NOTE: I am taking rings to be commutative and unital.

$A$ is a ring. I am trying to find a counterexample to: $A_p$ integral domain $\forall$ prime ideals $p$ in $A$ $\implies$ $A$ is an integral domain.

I have seen some people on this site suggest $k^2$ for a field $k$, specifically $k = \mathbb{Q}$.

$k^2$ is clearly not an integral domain so $(0)$ is not a prime ideal. Hence the only primes are $k \times \{0\}, \{0\} \times k$. In fact these are maximal because $k^2 / k \times 0 \cong k$ is a field.

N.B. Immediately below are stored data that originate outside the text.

lemma channel_linear:
  "quantum_channel d \<Lambda> \<Longrightarrow> X \<in> carrier_mat d d \<Longrightarrow> Y \<in> carrier_mat d d \<Longrightarrow>
   \<Lambda> (s \<cdot>\<^sub>m X + t \<cdot>\<^sub>m Y) = s \<cdot>\<^sub>m \<Lambda> X + t \<cdot>\<^sub>m \<Lambda> Y"
  unfolding quantum_channel_def by blast

lemma channel_zero: assumes "quantum_channel d \<Lambda>" shows "\<Lambda> (0\<^sub>m d d) = 0\<^sub>m d d"
proof -
  have "\<Lambda> (0 \<cdot>\<^sub>m 0\<^sub>m d d + 0 \<cdot>\<^sub>m 0\<^sub>m d d) = 0 \<cdot>\<^sub>m \<Lambda> (0\<^sub>m d d) + 0 \<cdot>\<^sub>m \<Lambda> (0\<^sub>m d d)"
    by (rule channel_linear[OF assms]) simp_all
  moreover have "0 \<cdot>\<^sub>m 0\<^sub>m d d + 0 \<cdot>\<^sub>m 0\<^sub>m d d = (0\<^sub>m d d :: complex mat)" by (rule eq_matI) auto
  moreover have "0 \<cdot>\<^sub>m \<Lambda> (0\<^sub>m d d) + 0 \<cdot>\<^sub>m \<Lambda> (0\<^sub>m d d) = 0\<^sub>m d d"
    using channel_carrier[OF assms zero_carrier_mat] by (intro eq_matI) auto
  ultimately show ?thesis by simp
qed

lemma msum_0: "msum 0 r c f = 0\<^sub>m r c"
  unfolding msum_def by (rule eq_matI) auto

lemma msum_Suc: "f m \<in> carrier_mat r c \<Longrightarrow> msum (Suc m) r c f = msum m r c f + f m"
  unfolding msum_def by (rule eq_matI) auto

lemma channel_msum:
  assumes ch: "quantum_channel d \<Lambda>" and A: "\<forall>t<m. A t \<in> carrier_mat d d"
  shows "\<Lambda> (msum m d d (\<lambda>t. c t \<cdot>\<^sub>m A t)) = msum m d d (\<lambda>t. c t \<cdot>\<^sub>m \<Lambda> (A t))"
  using A
proof (induction m)
  case 0
  then show ?case by (simp add: msum_0 channel_zero[OF ch])
next
  case (Suc m)
  have Am: "A m \<in> carrier_mat d d" using Suc.prems by simp
  have one: "1 \<cdot>\<^sub>m M = M" for M :: "complex mat" by (rule eq_matI) auto
  have "\<Lambda> (msum (Suc m) d d (\<lambda>t. c t \<cdot>\<^sub>m A t)) = \<Lambda> (1 \<cdot>\<^sub>m msum m d d (\<lambda>t. c t \<cdot>\<^sub>m A t) + c m \<cdot>\<^sub>m A m)"
    using Am by (simp add: msum_Suc one)
  also have "\<dots> = 1 \<cdot>\<^sub>m \<Lambda> (msum m d d (\<lambda>t. c t \<cdot>\<^sub>m A t)) + c m \<cdot>\<^sub>m \<Lambda> (A m)"
    by (rule channel_linear[OF ch msum_carrier Am])
  also have "\<dots> = msum (Suc m) d d (\<lambda>t. c t \<cdot>\<^sub>m \<Lambda> (A t))"
    using Suc channel_carrier[OF ch Am] by (simp add: msum_Suc one)
  finally show ?case .
qed

lemma mat_unit_expansion:
  assumes X: "X \<in> carrier_mat n n"
  shows "X = msum (n*n) n n (\<lambda>t. X $$ (t div n, t mod n) \<cdot>\<^sub>m unit_mat n (t div n) (t mod n))"
proof (rule eq_matI)
  fix i j assume "i < dim_row (msum (n*n) n n (\<lambda>t. X $$ (t div n, t mod n) \<cdot>\<^sub>m unit_mat n (t div n) (t mod n)))"
    "j < dim_col (msum (n*n) n n (\<lambda>t. X $$ (t div n, t mod n) \<cdot>\<^sub>m unit_mat n (t div n) (t mod n)))"
  then have ij: "i < n" "j < n" using msum_carrier by (auto simp: msum_def)
  have "msum (n*n) n n (\<lambda>t. X $$ (t div n, t mod n) \<cdot>\<^sub>m unit_mat n (t div n) (t mod n)) $$ (i,j) =
      (\<Sum>k<n. \<Sum>l<n. if l = j then if k = i then X $$ (k,l) else 0 else 0)"
    unfolding msum_index[OF ij] sum_lessThan_mult using ij
    by (intro sum.cong refl) (auto simp: unit_mat_def)
  also have "\<dots> = X $$ (i,j)" using ij by (simp add: sum.delta)
  finally show "X $$ (i,j) = msum (n*n) n n (\<lambda>t. X $$ (t div n, t mod n) \<cdot>\<^sub>m unit_mat n (t div n) (t mod n)) $$ (i,j)"
    by simp
qed (use X in \<open>auto simp: msum_def\<close>)

lemma unit_mat_carrier: "unit_mat n k l \<in> carrier_mat n n"
  unfolding unit_mat_def by simp

lemma channel_index_expansion:
  assumes ch: "quantum_channel n \<Lambda>" and X: "X \<in> carrier_mat n n" and ij: "i < n" "j < n"
  shows "\<Lambda> X $$ (i,j) = (\<Sum>k<n. \<Sum>l<n. X $$ (k,l) * \<Lambda> (unit_mat n k l) $$ (i,j))"
proof -
  have "\<Lambda> X = msum (n*n) n n (\<lambda>t. X $$ (t div n, t mod n) \<cdot>\<^sub>m \<Lambda> (unit_mat n (t div n) (t mod n)))"
    by (subst mat_unit_expansion[OF X]) (rule channel_msum[OF ch], simp add: unit_mat_carrier)
  also have "\<dots> $$ (i,j) = (\<Sum>k<n. \<Sum>l<n. (X $$ (k,l) \<cdot>\<^sub>m \<Lambda> (unit_mat n k l)) $$ (i,j))"
    unfolding msum_index[OF ij] sum_lessThan_mult by (intro sum.cong refl) simp
  also have "\<dots> = (\<Sum>k<n. \<Sum>l<n. X $$ (k,l) * \<Lambda> (unit_mat n k l) $$ (i,j))"
    using ij by (simp add: channel_dims[OF ch] unit_mat_carrier)
  finally show ?thesis .
qed

lemma block_carrier: "block b X i j \<in> carrier_mat b b"
  unfolding block_def by auto

lemma id_tensor_carrier: "quantum_channel d \<Lambda> \<Longrightarrow> id_tensor a d \<Lambda> X \<in> carrier_mat (a*d) (a*d)"
  using channel_carrier[of d \<Lambda> "0\<^sub>m d d"] unfolding id_tensor_def Let_def by auto

lemma id_tensor_index:
  assumes "quantum_channel d \<Lambda>" "i < a" "j < a" "k < d" "l < d"
  shows "id_tensor a d \<Lambda> X $$ (i*d + k, j*d + l) = \<Lambda> (block d X i j) $$ (k,l)"
  using assms channel_carrier[of d \<Lambda> "0\<^sub>m d d"] unfolding id_tensor_def Let_def
  by (simp add: pair_index_less)

lemma mtrace_id_tensor:
  assumes ch: "quantum_channel d \<Lambda>" and X: "X \<in> carrier_mat (a*d) (a*d)"
  shows "mtrace (id_tensor a d \<Lambda> X) = mtrace X"
proof -
  have "mtrace (id_tensor a d \<Lambda> X) = (\<Sum>i<a. \<Sum>k<d. id_tensor a d \<Lambda> X $$ (i*d + k, i*d + k))"
    unfolding mtrace_def using id_tensor_carrier[OF ch, of a X] by (simp add: sum_lessThan_mult)
  also have "\<dots> = (\<Sum>i<a. \<Sum>k<d. \<Lambda> (block d X i i) $$ (k,k))"
    by (intro sum.cong refl) (simp add: id_tensor_index[OF ch])
  also have "\<dots> = (\<Sum>i<a. mtrace (\<Lambda> (block d X i i)))"
    unfolding mtrace_def by (simp add: channel_dims[OF ch] block_carrier)
  also have "\<dots> = (\<Sum>i<a. mtrace (block d X i i))"
    using ch block_carrier unfolding quantum_channel_def by auto
  also have "\<dots> = mtrace X"
    unfolding mtrace_def using X by (simp add: block_def sum_lessThan_mult)
  finally show ?thesis .
qed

Now, localizing a ring at a maximal ideal should give that same ring back, i.e. if $m$ is a maximal ideal then $(A-m)^{-1}A$ will only have units as denominators essentially giving $A$ back...

I do not see why this is a counterexample then since $A$ was not an integral domain to begin with. I think I am making a silly mistake, thank you for your help!

Edit: I realize my characterization of localization at max ideals only works for local rings.

Edit 2: Still not sure I get what the localization, say, $(\mathbb{Q}^2)_{\mathbb{Q}\times0}$ ends up being...

Answer 1

Your ring is not local. Localising at a prime ideal yields a local ring (this close relation is the reson the two notions share name).

Note that $A-m$ does not contain only units. Let $m = \{(x, 0)\mid x\in k\}$. Then $A-m$ contains, elements like $(0,1)$. So, if $\psi$ is the canonical map $A\to A_m$ (and if you'll allow me to use fractions for elements of $A_m$), we have $$ \psi(x, 0) = \frac{(x, 0)}{(1, 1)} = \frac{(x, 0)\cdot(0, 1)}{(1, 1)\cdot(0,1)} = \frac{(0,0)}{(0, 1)} = \frac{(0,0)\cdot(0,1)}{(1, 1)\cdot(0,1)} = \frac{(0,0)}{(1, 1)} = \psi(0, 0) $$ In fact, $\ker\psi = m$, which makes $A_m\cong A/m$ an integral domain.